> [SOURCE RECORDS]:
++++
(* (i) Let $V\in\mathrm{Rep}_{\mathrm{ffd}}(Y_\hbar(\mathfrak g))$ and let $\mu$ be a weight of $V$. Then, for either choice of sign, the poles of $\xi_i(u)_\mu$ are contained in the union of the poles of $x_i^\pm(u)_\mu$ and those of $x_i^\pm(u)_{\mu\mp\alpha_i}$. (ii) Let $\mathcal V\in\mathrm{Rep}_{\mathrm{ffd}}(U_q(L\mathfrak g))$ and let $\mu$ be a weight of $\mathcal V$. Then, for either choice of sign, the poles of $\Psi_i(z)_\mu$ are contained in the union of the poles of $\mathcal X_i^\pm(z)_\mu$ and those of $\mathcal X_i^\pm(z)_{\mu\mp\alpha_i}$.
   Context: $\mathfrak g$ is the Kac–Moody algebra of a symmetrisable generalized Cartan matrix $(a_{ij})_{i,j\in I}$ (symmetrisers $d_i$, realization $(\mathfrak h,\{\alpha_i\},\{\alpha_i^\vee\})$); $\hbar\ne0$; $q$ not a root of unity, $q_i=q^{d_i}$. $Y_\hbar(\mathfrak g)$ and $U_q(L\mathfrak g)$ are the Yangian (generators $h,\xi_{i,r},x^\pm_{i,r}$; in particular $[x^+_{i,r},x^-_{j,s}]=\delta_{ij}\xi_{i,r+s}$) and quantum loop algebra (generators $K_h,\Psi^\pm_{i,\pm r},\mathcal X^\pm_{i,k}$; in particular $[\mathcal X^+_{i,k},\mathcal X^-_{j,l}]=\delta_{ij}\frac{\Psi^+_{i,k+l}-\Psi^-_{i,k+l}}{q_i-q_i^{-1}}$) in Drinfeld's loop presentation. $\mathrm{Rep}_{\mathrm{ffd}}$: modules with finite-dimensional weight spaces ($h$ acts by $\mu(h)$, resp. $K_h$ by $q^{\mu(h)}$), weights bounded above by finitely many weights, and for each weight $\mu$ and $i$, $\mu-n\alpha_i$ not a weight for $n\gg0$. For a weight $\mu$, $\xi_i(u)_\mu$ and $x_i^\pm(u)_\mu:V_\mu\to V_{\mu\pm\alpha_i}$ denote the rational functions whose expansions at $u=\infty$ are the actions of $\xi_i(u)=1+\hbar\sum\xi_{i,r}u^{-r-1}$ and $x_i^\pm(u)=\hbar\sum x^\pm_{i,r}u^{-r-1}$ on $V_\mu$; $\Psi_i(z)_\mu$, $\mathcal X_i^\pm(z)_\mu:\mathcal V_\mu\to\mathcal V_{\mu\pm\alpha_i}$ denote the rational functions whose expansions at $z=\infty$ and $z=0$ are $\sum_{r\ge0}\Psi^+_{i,r}z^{-r}$, $\sum_{r\ge0}\Psi^-_{i,-r}z^r$, resp. $\sum_{k\ge0}\mathcal X^\pm_{i,k}z^{-k}$, $-\sum_{k<0}\mathcal X^\pm_{i,k}z^{-k}$. *)

theory Defs
  imports "HOL-Analysis.Analysis" "HOL-Complex_Analysis.Complex_Analysis"
          "HOL-Computational_Algebra.Polynomial"
begin

text \<open>The index set I is a finite type 'i; the Cartan subalgebra h is complex^'h,
  and its dual is identified with complex^'h via the bilinear pairing below.\<close>

definition pair :: "complex^'h \<Rightarrow> complex^'h \<Rightarrow> complex" where
  "pair mu h = (\<Sum>k\<in>UNIV. mu $ k * h $ k)"

definition gcm :: "('i::finite \<Rightarrow> 'i \<Rightarrow> int) \<Rightarrow> bool" where
  "gcm A \<longleftrightarrow> (\<forall>i. A i i = 2) \<and> (\<forall>i j. i \<noteq> j \<longrightarrow> A i j \<le> 0)
            \<and> (\<forall>i j. A i j = 0 \<longleftrightarrow> A j i = 0)"

definition symmetrisers :: "('i::finite \<Rightarrow> 'i \<Rightarrow> int) \<Rightarrow> ('i \<Rightarrow> nat) \<Rightarrow> bool" where
  "symmetrisers A d \<longleftrightarrow> (\<forall>i. d i > 0) \<and> (\<forall>i j. int (d i) * A i j = int (d j) * A j i)"

definition cindep :: "('i::finite \<Rightarrow> complex^'h) \<Rightarrow> bool" where
  "cindep v \<longleftrightarrow> (\<forall>c. (\<Sum>i\<in>UNIV. c i *s v i) = 0 \<longrightarrow> (\<forall>i. c i = 0))"

definition realization ::
  "('i::finite \<Rightarrow> 'i \<Rightarrow> int) \<Rightarrow> ('i \<Rightarrow> complex^'h::finite) \<Rightarrow> ('i \<Rightarrow> complex^'h) \<Rightarrow> bool" where
  "realization A alpha coroot \<longleftrightarrow>
     cindep alpha \<and> cindep coroot \<and>
     (\<forall>i j. pair (alpha j) (coroot i) = of_int (A i j)) \<and>
     CARD('h) = 2 * CARD('i) - rank (\<chi> i j. (of_int (A i j) :: complex))"

text \<open>A module with finite-dimensional weight spaces V = (+)_mu V_mu is encoded by
  dm mu = dim V_mu (so mu is a weight iff dm mu > 0), V_mu = complex^(dm mu), and each
  generator by a family of matrices (functions nat => nat => complex, vanishing outside
  their dimensions) between weight spaces.\<close>

type_synonym cmat = "nat \<Rightarrow> nat \<Rightarrow> complex"

definition supp_mat :: "nat \<Rightarrow> nat \<Rightarrow> cmat \<Rightarrow> bool" where
  "supp_mat r c M \<longleftrightarrow> (\<forall>a b. (r \<le> a \<or> c \<le> b) \<longrightarrow> M a b = 0)"

definition mmul :: "nat \<Rightarrow> cmat \<Rightarrow> cmat \<Rightarrow> cmat" where
  "mmul k M N = (\<lambda>a c. \<Sum>b<k. M a b * N b c)"

definition idm :: "nat \<Rightarrow> cmat" where
  "idm n = (\<lambda>a b. if a = b \<and> a < n then 1 else 0)"

definition msc :: "complex \<Rightarrow> cmat \<Rightarrow> cmat" where
  "msc c M = (\<lambda>a b. c * M a b)"

text \<open>Action of a word g_1 g_2 ... g_m (g_m applied first) on V_mu:
  returns the target weight and the matrix.\<close>
fun wprod :: "('w::plus \<Rightarrow> nat) \<Rightarrow> ('g \<Rightarrow> 'w) \<Rightarrow> ('g \<Rightarrow> 'w \<Rightarrow> cmat) \<Rightarrow> 'g list \<Rightarrow> 'w \<Rightarrow> 'w \<times> cmat"
  where
  "wprod dm sh op [] mu = (mu, idm (dm mu))"
| "wprod dm sh op (g # w) mu =
     (let (nu, M) = wprod dm sh op w mu in (nu + sh g, mmul (dm nu) (op g nu) M))"

definition act :: "('w::plus \<Rightarrow> nat) \<Rightarrow> ('g \<Rightarrow> 'w) \<Rightarrow> ('g \<Rightarrow> 'w \<Rightarrow> cmat)
                   \<Rightarrow> (complex \<times> 'g list) list \<Rightarrow> 'w \<Rightarrow> cmat" where
  "act dm sh op L mu = (\<lambda>a b. \<Sum>(c, w)\<leftarrow>L. c * snd (wprod dm sh op w mu) a b)"

text \<open>Nested commutator [g_1,[g_2,...,[g_m,b]...]] as a linear combination of words.\<close>
fun adlc :: "'g \<Rightarrow> (complex \<times> 'g list) list \<Rightarrow> (complex \<times> 'g list) list" where
  "adlc g L = map (\<lambda>(c, w). (c, g # w)) L @ map (\<lambda>(c, w). (- c, w @ [g])) L"

definition nested_comm :: "'g list \<Rightarrow> 'g \<Rightarrow> (complex \<times> 'g list) list" where
  "nested_comm gs b = foldr adlc gs [(1, [b])]"

definition sgn_b :: "bool \<Rightarrow> int" where
  "sgn_b s = (if s then 1 else -1)"

definition ffd_weights :: "('i::finite \<Rightarrow> complex^'h) \<Rightarrow> (complex^'h \<Rightarrow> nat) \<Rightarrow> bool" where
  "ffd_weights alpha dm \<longleftrightarrow>
     (\<exists>Lam. finite Lam \<and>
        (\<forall>mu. 0 < dm mu \<longrightarrow> (\<exists>lam\<in>Lam. \<exists>k::'i \<Rightarrow> nat. lam = mu + (\<Sum>i\<in>UNIV. of_nat (k i) *s alpha i))))
   \<and> (\<forall>mu i. \<exists>n0. \<forall>n\<ge>n0. dm (mu - of_nat n *s alpha i) = 0)"

datatype 'i ygen = YXi 'i nat | YX bool 'i nat  \<comment> \<open>xi_{i,r};  x^+_{i,r} (True) / x^-_{i,r} (False)\<close>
++++
> [EXERCISE]:
Go through the data and copy every line that includes "adlc".

> [RESULT FOR THIS TASK]:
fun adlc :: "'g \<Rightarrow> (complex \<times> 'g list) list \<Rightarrow> (complex \<times> 'g list) list" where
  "adlc g L = map (\<lambda>(c, w). (c, g # w)) L @ map (\<lambda>(c, w). (- c, w @ [g])) L"
  "nested_comm gs b = foldr adlc gs [(1, [b])]"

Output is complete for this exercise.